Sou da época em que a taxa de câmbio era administrada, quando Delfim Netto era ministro, em meados da década de 1980, e implementava uma maxidesvalorização. Todo mundo ficava feliz durante 20 dias, a inflação comia os ganhos e a amargura voltava em seguida.

Poucos ganhavam e a multidão perdia. Sou muito cético com relação a qualquer coisa administrada pelo governo, porque há um grau enorme de imperfeição. Prefiro que o câmbio seja flutuante.

As trading companies (intermediárias entre produtor e comprador entre países) possuem hoje a mesma importância de antes?

Não. Ficaram hoje muito mais como prestadoras de serviços. Nos anos 1980, funcionávamos como desbravadores de mercado, como no petróleo importado do Oriente Médio. As grandes empresas exportadoras não precisam mais disso.

Hoje uma trading pode ser útil a cooperativas de produtores setoriais, para organizá-los e abrir-lhes mercados. Essa gente, em geral, sabe produzir, mas não tem a menor noção de mercado internacional.

A grande dificuldade é que leva um tempo de maturação muito grande entre organizar os produtores e ter o resultado nas exportações, porque é preciso vasculhar mercados, montar redes de distribuição, representantes, preços.

Entre esses períodos a trading precisa ser remunerada. Poucas pessoas no Brasil estão dispostas a pagar por isso. Porque outro impedimento é o imediatismo. O brasileiro ainda acha que vai fazer uma primeira viagem e voltar com contrato assinado.

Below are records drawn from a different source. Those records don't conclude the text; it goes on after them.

(* Let $\eta\in Q^+\setminus\{0\}$, $g\in U(\mathfrak n^-_{r-1}[t])_{-\eta}$, and $(\underline\ell,\underline{\mathbf s})\in\mathbf F_+^r$. Then $[\underline{\mathbf x}^+_r(\underline\ell,\underline{\mathbf s}),g]$ is a linear combination of elements $g'\,\underline{\mathbf x}^+_r(\underline\ell',\underline{\mathbf s}')$ with $g'\in U(\mathfrak n^-_{r-1}[t])$, $(\underline\ell',\underline{\mathbf s}')\in\mathbf F_+^r$ and $|\underline{\mathbf s}'|\blacktriangleright|\underline{\mathbf s}|$.
   Context: $\mathfrak g=\mathfrak{sl}_{r+1}(\mathbb C)$, $r\ge2$, $\mathfrak h$ diagonal, simple roots $\alpha_i$, $Q^+=\sum\mathbb N\alpha_i$; $x^+_{i,j}=E_{i,j+1}$, $x^-_{i,j}=E_{j+1,i}$; $\mathfrak n^-_{r-1}=\bigoplus_{1\le i\le j\le r-1}\mathbb Cx^-_{i,j}$; $\mathfrak a[t]=\mathfrak a\otimes\mathbb C[t]$. $U(\mathfrak n^-_{r-1}[t])_{-\eta}$ is the $-\eta$ weight space for the adjoint action of $\mathfrak h$. $\mathbf F_+$: pairs $(\ell,\mathbf s)$ with $\ell\in\mathbb N$, $\mathbf s=(\mathbf s(1)\le\dots\le\mathbf s(\ell))$, all $\mathbf s(p)\in\mathbb N_+$ (including $(0,\emptyset)$), $|\mathbf s|=\sum\mathbf s(p)$. $\mathbf x^+_{i,r}(\ell,\mathbf s)=\prod_p(x^+_{i,r}\otimes t^{\mathbf s(p)})$, $\underline{\mathbf x}^+_r(\underline\ell,\underline{\mathbf s})=\mathbf x^+_{1,r}(\ell_1,\mathbf s_1)\cdots\mathbf x^+_{r,r}(\ell_r,\mathbf s_r)$, $|\underline{\mathbf s}|=(|\mathbf s_1|,\dots,|\mathbf s_r|)$. For $\underline d,\underline d'\in\mathbb N^r$, $\underline d\blacktriangleright\underline d'$ means that for some $s$, $d_i=d'_i$ for all $i>s$ and $d_s>d'_s$. *)

theory Defs
  imports Complex_Main
begin

text \<open>Basis of sl_{r+1}[t]:  E i j k = E_{i,j} \<otimes> t^k  (i \<noteq> j, 1 \<le> i,j \<le> r+1),
  H m k = (E_{m,m} - E_{m+1,m+1}) \<otimes> t^k  (1 \<le> m \<le> r).\<close>
datatype gen = E nat nat nat | H nat nat

fun valid :: "nat \<Rightarrow> gen \<Rightarrow> bool" where
  "valid r (E i j k) = (1 \<le> i \<and> i \<le> r+1 \<and> 1 \<le> j \<and> j \<le> r+1 \<and> i \<noteq> j)"
| "valid r (H m k) = (1 \<le> m \<and> m \<le> r)"

text \<open>Free associative algebra on the basis: finitely supported functions on words.\<close>
type_synonym fa = "gen list \<Rightarrow> complex"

A trading identifica o mercado, os concorrentes, os preços que estão sendo cobrados para aquele tipo de produto. Investiga os canais de distribuição e conclui se o produto brasileiro tem competitividade para disputar mercado nas mesmas condições.

Fazer adiantamento de contrato de câmbio, que o produtor não sabe fazer, hedge (proteção) de moedas, enfim esse tipo de trabalho de ponta. É comercial, logística, consultoria e execução também.

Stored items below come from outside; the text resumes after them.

(* Consider the tensor network template $(G,c)$ with the following data. - Three inputs $s_1,s_2,s_3$ and two outputs $t_1,t_2$. - Three vertices $v_1,v_2,v_3$. - Edges and capacities: - $s_2$–$v_1$, capacity $2$; - $v_1$–$v_2$, capacity $2$; - $v_1$–$v_3$, capacity $2$; - $s_1$–$v_2$, capacity $2$; - $v_2$–$t_1$, capacity $3$; - $s_3$–$v_3$, capacity $2$; - $v_3$–$t_2$, capacity $3$. Then $\mathrm{QMC}(G,c)=8$ and $\mathrm{QMF}(G,c)=7$.
   Context: A tensor network template $(G,c)$ consists of a finite undirected graph $G$ with edge set $E$ whose vertex set is partitioned as $S\sqcup T\sqcup V$. Every element of $S$ (inputs) and every element of $T$ (outputs) is an open end of degree $1$; the elements of $V$ are called vertices. For $u\in S\sqcup T$, $e(u)$ denotes the edge incident to $u$. A capacity function $c:E\to\mathbb{Z}_{>0}$ is given, and to each edge $e$ one associates $\mathbb{C}^{c_e}$ with a fixed basis. At each vertex $v$ of degree $d_v$ an ordering $e(v,1),\dots,e(v,d_v)$ of the incident edge-ends is fixed. A tensor assignment $\mathcal T=(\mathcal T_v)_{v\in V}$ chooses $\mathcal T_v\in\bigotimes_{i=1}^{d_v}\mathbb{C}^{c_{e(v,i)}}$ for each $v$. Let $V_S=\bigotimes_{u\in S}\mathbb{C}^{c_{e(u)}}$ and $V_T=\bigotimes_{u\in T}\mathbb{C}^{c_{e(u)}}$. Contracting the network along all edges gives $\beta(G,c;\mathcal T)\in\mathrm{Hom}(V_S,V_T)$, whose matrix entries are $\langle I_T|\beta|I_S\rangle=\sum_W\prod_{v\in V}(\mathcal T_v)_{W|_v}$. Here $W$ ranges over all assignments of basis indices to all edges that agree with $I_S$ on the input edges and with $I_T$ on the output edges, and $W|_v$ is the tuple of indices on $e(v,1),\dots,e(v,d_v)$. The quantum max-flow is $\mathrm{QMF}(G,c)=\max_{\mathcal T}\operatorname{rank}\beta(G,c;\mathcal T)$. An edge cut set is a set $C\subseteq E$ for which there is a partition $S\sqcup T\sqcup V=\bar S\sqcup\bar T$ with $S\subseteq\bar S$, $T\subseteq\bar T$, and $C$ equal to the set of edges having one endpoint in $\bar S$ and the other in $\bar T$. The quantum min-cut is $\mathrm{QMC}(G,c)=\min_C\prod_{e\in C}c_e$, the minimum taken over all edge cut sets $C$. *)

theory Defs
  imports "HOL-Library.FuncSet" "Jordan_Normal_Form.DL_Rank"
begin
lemma nonarch_normed_space_linf: "nonarch_normed_space av L"
proof (rule nonarch_normed_spaceI)
  fix f g c
  assume f: "f \<in> ns_carrier L" and g: "g \<in> ns_carrier L"
  show "ns_norm L f \<ge> 0"
    using vnorm_le_linf_norm[OF f, of 0] vnorm_nonneg[OF linf_memD[OF f, of 0]] by linarith
  show "ns_norm L f = 0 \<longleftrightarrow> f = ns_zero L"
  proof
    assume "ns_norm L f = 0"
    then have "vnorm (f n) = 0" for n
      using vnorm_le_linf_norm[OF f, of n] vnorm_nonneg[OF linf_memD[OF f]] by (simp add: order_antisym)
    then show "f = ns_zero L"
      using f by (auto simp: linf_zero linf_memD vnorm_eq_0_iff)
  qed (simp add: linf_zero linf_norm)
  show "ns_norm L (ns_smul L c f) \<le> av c * ns_norm L f"
    unfolding linf_smul
    using vnorm_le_linf_norm[OF f] av_nonneg
    by (intro linf_norm_le) (simp add: vnorm_smul linf_memD[OF f] mult_left_mono)
  show "ns_norm L (ns_add L f g) \<le> max (ns_norm L f) (ns_norm L g)"
    unfolding linf_add
    using vnorm_ultra linf_memD[OF f] linf_memD[OF g] vnorm_le_linf_norm[OF f] vnorm_le_linf_norm[OF g]
    by (intro linf_norm_le) (meson max.mono order_trans)
qed (rule vector_space_linf)

lemma c0_iff: "f \<in> c0 E \<longleftrightarrow> f \<in> ns_carrier L \<and> (\<lambda>n. vnorm (f n)) \<longlonglongrightarrow> 0"
  by (simp add: c0_def)

lemma linear_subspace_c0: "linear_subspace_on L (c0 E)"
  unfolding linear_subspace_on_def linf_zero linf_add linf_smul
proof (intro conjI ballI allI)
  show "c0 E \<subseteq> ns_carrier L" "(\<lambda>n. vzero) \<in> c0 E"
    by (auto simp: c0_iff linf_const)
next
  fix f g
  assume f: "f \<in> c0 E" and g: "g \<in> c0 E"
  then have fL: "f \<in> ns_carrier L" and gL: "g \<in> ns_carrier L"
    by (simp_all add: c0_iff)
  have "(\<lambda>n. max (vnorm (f n)) (vnorm (g n))) \<longlonglongrightarrow> max 0 0"
    using f g unfolding c0_iff by (intro tendsto_max) auto
  moreover have "\<forall>\<^sub>F n in sequentially. 0 \<le> vnorm (vadd (f n) (g n))"
    and "\<forall>\<^sub>F n in sequentially. vnorm (vadd (f n) (g n)) \<le> max (vnorm (f n)) (vnorm (g n))"
    using linf_memD[OF fL] linf_memD[OF gL] by (simp_all add: vnorm_ultra)
  ultimately have "(\<lambda>n. vnorm (vadd (f n) (g n))) \<longlonglongrightarrow> 0"
    using tendsto_sandwich[OF _ _ tendsto_const] by auto
  then show "(\<lambda>n. vadd (f n) (g n)) \<in> c0 E"
    using fL gL by (simp add: c0_iff linf_vadd_closed)
next
  fix c f
  assume f: "f \<in> c0 E"
  then have fL: "f \<in> ns_carrier L"
    by (simp add: c0_iff)
  have "(\<lambda>n. av c * vnorm (f n)) \<longlonglongrightarrow> av c * 0"
    using f by (intro tendsto_mult tendsto_const) (simp add: c0_iff)
  then show "(\<lambda>n. vsmul c (f n)) \<in> c0 E"
    using fL by (simp add: c0_iff linf_vsmul_closed vnorm_smul linf_memD)
qed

Que conselho o senhor daria hoje para uma empresa interessada em participar do comércio exterior?

Falando de produto de consumo, não de commodities, primeiro a empresa precisa de algum tipo de escala, ou seja, já estabeleceu um volume grande no país que dá folga para investir num departamento com gente especializada em comércio exterior, para estudar os mercados, os canais de distribuição, o que o concorrente está fazendo, quais são os preços e ver o que isso interessa com extensão do mercado nacional.

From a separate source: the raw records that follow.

(* Let $b\ge2$, $d\ge1$ be integers, $\ell\in\mathbb{N}_0$ and $0<\epsilon<b^{-\ell}$. For every $L\in\mathbb{N}$ there exists $q_d\in\mathcal{NN}_{d,1}(2d\,b^{\lceil\ell/L\rceil},L)$ such that for every ${\bf i}\in I_\ell$, \[ q_d(x)=\mathrm{ind}({\bf i}):=\sum_{j=1}^d b^{\ell(j-1)}{\bf i}_j\qquad\text{for all } x\in\Omega^\ell_{{\bf i},\epsilon}. \]
   Context: $\mathcal{NN}_{d,k}(W,L)$: set of maps $g:\mathbb{R}^d\to\mathbb{R}^k$ given by $g_0(x)=x$, $g_{\ell+1}(x)=\sigma(A_\ell g_\ell(x)+b_\ell)$ ($\ell=0,\dots,L-1$), $g(x)=A_Lg_L(x)+b_L$, with $A_\ell\in\mathbb{R}^{N_{\ell+1}\times N_\ell}$, $b_\ell\in\mathbb{R}^{N_{\ell+1}}$, $N_0=d$, $N_{L+1}=k$, $\max\{N_1,\dots,N_L\}\le W$, $\sigma(t)=\max\{t,0\}$ componentwise. Partition with base $b$: for $\ell\in\mathbb{N}_0$, $I_\ell=\{0,\dots,b^\ell-1\}^d$. For ${\bf i}\in I_\ell$ and $\epsilon>0$, $\Omega^\ell_{{\bf i},\epsilon}=\prod_{j=1}^dJ_j$ where $J_j=[b^{-\ell}{\bf i}_j,\,b^{-\ell}({\bf i}_j+1)-\epsilon)$ if ${\bf i}_j<b^\ell-1$ and $J_j=[1-b^{-\ell},1)$ if ${\bf i}_j=b^\ell-1$. *)

theory Defs
  imports Complex_Main
begin

text \<open>Vectors in R^n are represented as functions nat => real, only the coordinates
  0..n-1 being relevant. A network of depth L is given by widths N 0,...,N (L+1),
  weight matrices A l (N (l+1) x N l) and biases bb l.\<close>

definition relu :: "real \<Rightarrow> real" where
  "relu t = max t 0"

fun nn_hidden :: "(nat \<Rightarrow> nat) \<Rightarrow> (nat \<Rightarrow> nat \<Rightarrow> nat \<Rightarrow> real) \<Rightarrow> (nat \<Rightarrow> nat \<Rightarrow> real)
    \<Rightarrow> nat \<Rightarrow> (nat \<Rightarrow> real) \<Rightarrow> (nat \<Rightarrow> real)" where
  "nn_hidden N A bb 0 x = x"
| "nn_hidden N A bb (Suc l) x =
     (\<lambda>i. relu (bb l i + (\<Sum>j<N l. A l i j * nn_hidden N A bb l x j)))"

definition nn_eval :: "(nat \<Rightarrow> nat) \<Rightarrow> (nat \<Rightarrow> nat \<Rightarrow> nat \<Rightarrow> real) \<Rightarrow> (nat \<Rightarrow> nat \<Rightarrow> real)
    \<Rightarrow> nat \<Rightarrow> (nat \<Rightarrow> real) \<Rightarrow> (nat \<Rightarrow> real)" where
  "nn_eval N A bb L x = (\<lambda>i. bb L i + (\<Sum>j<N L. A L i j * nn_hidden N A bb L x j))"

definition is_NN :: "nat \<Rightarrow> nat \<Rightarrow> nat \<Rightarrow> nat \<Rightarrow> ((nat \<Rightarrow> real) \<Rightarrow> (nat \<Rightarrow> real)) \<Rightarrow> bool" where
  "is_NN d k W L g \<longleftrightarrow>
     (\<exists>N A bb. N 0 = d \<and> N (Suc L) = k \<and> (\<forall>l\<in>{1..L}. N l \<le> W) \<and>
        (\<forall>x. \<forall>i<k. g x i = nn_eval N A bb L x i))"

text \<open>Multi-indices i in I_l (0-based coordinates j < d).\<close>
definition index_set :: "nat \<Rightarrow> nat \<Rightarrow> nat \<Rightarrow> (nat \<Rightarrow> nat) set" where
  "index_set b d l = {i. \<forall>j<d. i j < b ^ l}"

definition Omega :: "nat \<Rightarrow> nat \<Rightarrow> nat \<Rightarrow> (nat \<Rightarrow> nat) \<Rightarrow> real \<Rightarrow> (nat \<Rightarrow> real) set" where
  "Omega b d l i eps = {x. \<forall>j<d. x j \<in>
     (if i j < b ^ l - 1
      then {real (i j) / real b ^ l ..< real (i j + 1) / real b ^ l - eps}
      else {1 - 1 / real b ^ l ..< 1})}"

definition ind :: "nat \<Rightarrow> nat \<Rightarrow> nat \<Rightarrow> (nat \<Rightarrow> nat) \<Rightarrow> real" where
  "ind b d l i = (\<Sum>j<d. real b ^ (l * j) * real (i j))"

end

theory Submission
  imports Defs
begin

text \<open>A ReLU network cannot compute the floor function, but it can on points kept away from
  the integers from the left: if \<open>z \<ge> k\<close> or \<open>z \<le> k - \<delta>\<close>, the step \<open>[k \<le> z]\<close> equals the ramp
  \<open>(relu (z - k + \<delta>) - relu (z - k)) / \<delta>\<close>, so \<open>\<lfloor>z\<rfloor>\<close> is a sum of \<open>m - 1\<close> ramps when \<open>0 \<le> z < m\<close>.
  Every coordinate \<open>y\<close> of a point of the cell \<open>\<Omega>\<close> with index \<open>i\<close> is separated in this sense from
  the grid \<open>{j / b^l}\<close>, and \<open>i\<close> is recovered as \<open>\<lfloor>b^l y\<rfloor>\<close>. With \<open>s = \<lceil>l / L\<rceil>\<close>, layer \<open>t\<close> passes
  from \<open>\<lfloor>b^(s(t-1)) y\<rfloor>\<close> to \<open>\<lfloor>b^(st) y\<rfloor>\<close> (exponents capped at \<open>l\<close>) by adding the floor of a remainder
  below \<open>b^s\<close>, which costs \<open>2 b^s\<close> units per coordinate; the output layer then combines the \<open>d\<close>
  cell indices linearly.\<close>

lemma sum_nat_blocks:
  fixes f :: "nat \<Rightarrow> 'a::comm_monoid_add"
  shows "(\<Sum>p<d * M. f p) = (\<Sum>q<d. \<Sum>r<M. f (q * M + r))"
proof -
  have "(\<Sum>p<d * M. f p) = (\<Sum>q<d. sum f {q * M..<q * M + M})"
    using sum.nat_group[of f M d] by simp
  also have "\<dots> = (\<Sum>q<d. \<Sum>r<M. f (q * M + r))"
    using sum.shift_bounds_nat_ivl[of f 0 "q * M" M for q]
    by (simp add: lessThan_atLeast0 add.commute)
  finally show ?thesis .
qed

A tendência é pensar em Estados Unidos e Europa. Mas não precisa começar assim. Temos uma certa familiaridade de língua com os países vizinhos. Uma vez que se adquire experiência no mercado de Uruguai e Argentina, por exemplo, é o primeiro passo para ir para outros lugares do mundo. E não esperar resultados de uma hora para outra. É preciso que o produto estabeleça presença nos locais.

Por que o Brasil nunca deu muita bola aos seus vizinhos da América do Sul?

Não sei se é bem assim. O Mercosul continua vivo, os empresários se beneficiam disso. Por mais antipático que seja o regime do Hugo Chávez, o fato de a Venezuela fazer parte do Mercosul é um bom negócio para o empresário brasileiro.

É uma vantagem entrar num mercado que, bem ou mal, consome. Vendemos livremente produtos manufaturados à Venezuela.

Em que medida as eleições presidenciais podem influenciar o fluxo de comércio internacional no Brasil?

Se um dos candidatos quiser se meter a administrar o câmbio, por exemplo, vai ser um problema. O importador vai ficar inseguro, o exportador vai ficar inseguro. Vai dar uma paralisada geral.

José Serra tem um discurso crítico com relação à taxa de câmbio...

Tivemos um saldo comercial de US$ 25 bilhões no ano passado, apesar de todos os pontos negativos. Vamos ter um saldo de US$ 10 bilhões a US$ 15 bilhões neste ano.

O Brasil sempre teve balanças ruins nos primeiros meses do ano. O que puxa o saldo são as commodities. E a enxurrada de soja e carne é entre maio e setembro. Aí no final do ano todo mundo bate palma.

A África dá mostras de um mercado potencial importante?

Há regiões importantes como África do Sul e Angola não somente para exportação de produtos variados, mas também como presença brasileira de empreiteiras, construção civil.

A Nigéria foi importante e ainda é, mas muito pouco em termos de potencial de crescimento. Apesar do planejamento do Itamaraty de estar presente na África, duvido que o resto dos países se reverta em grandes exportações. E tem outra: os chineses já tomaram conta.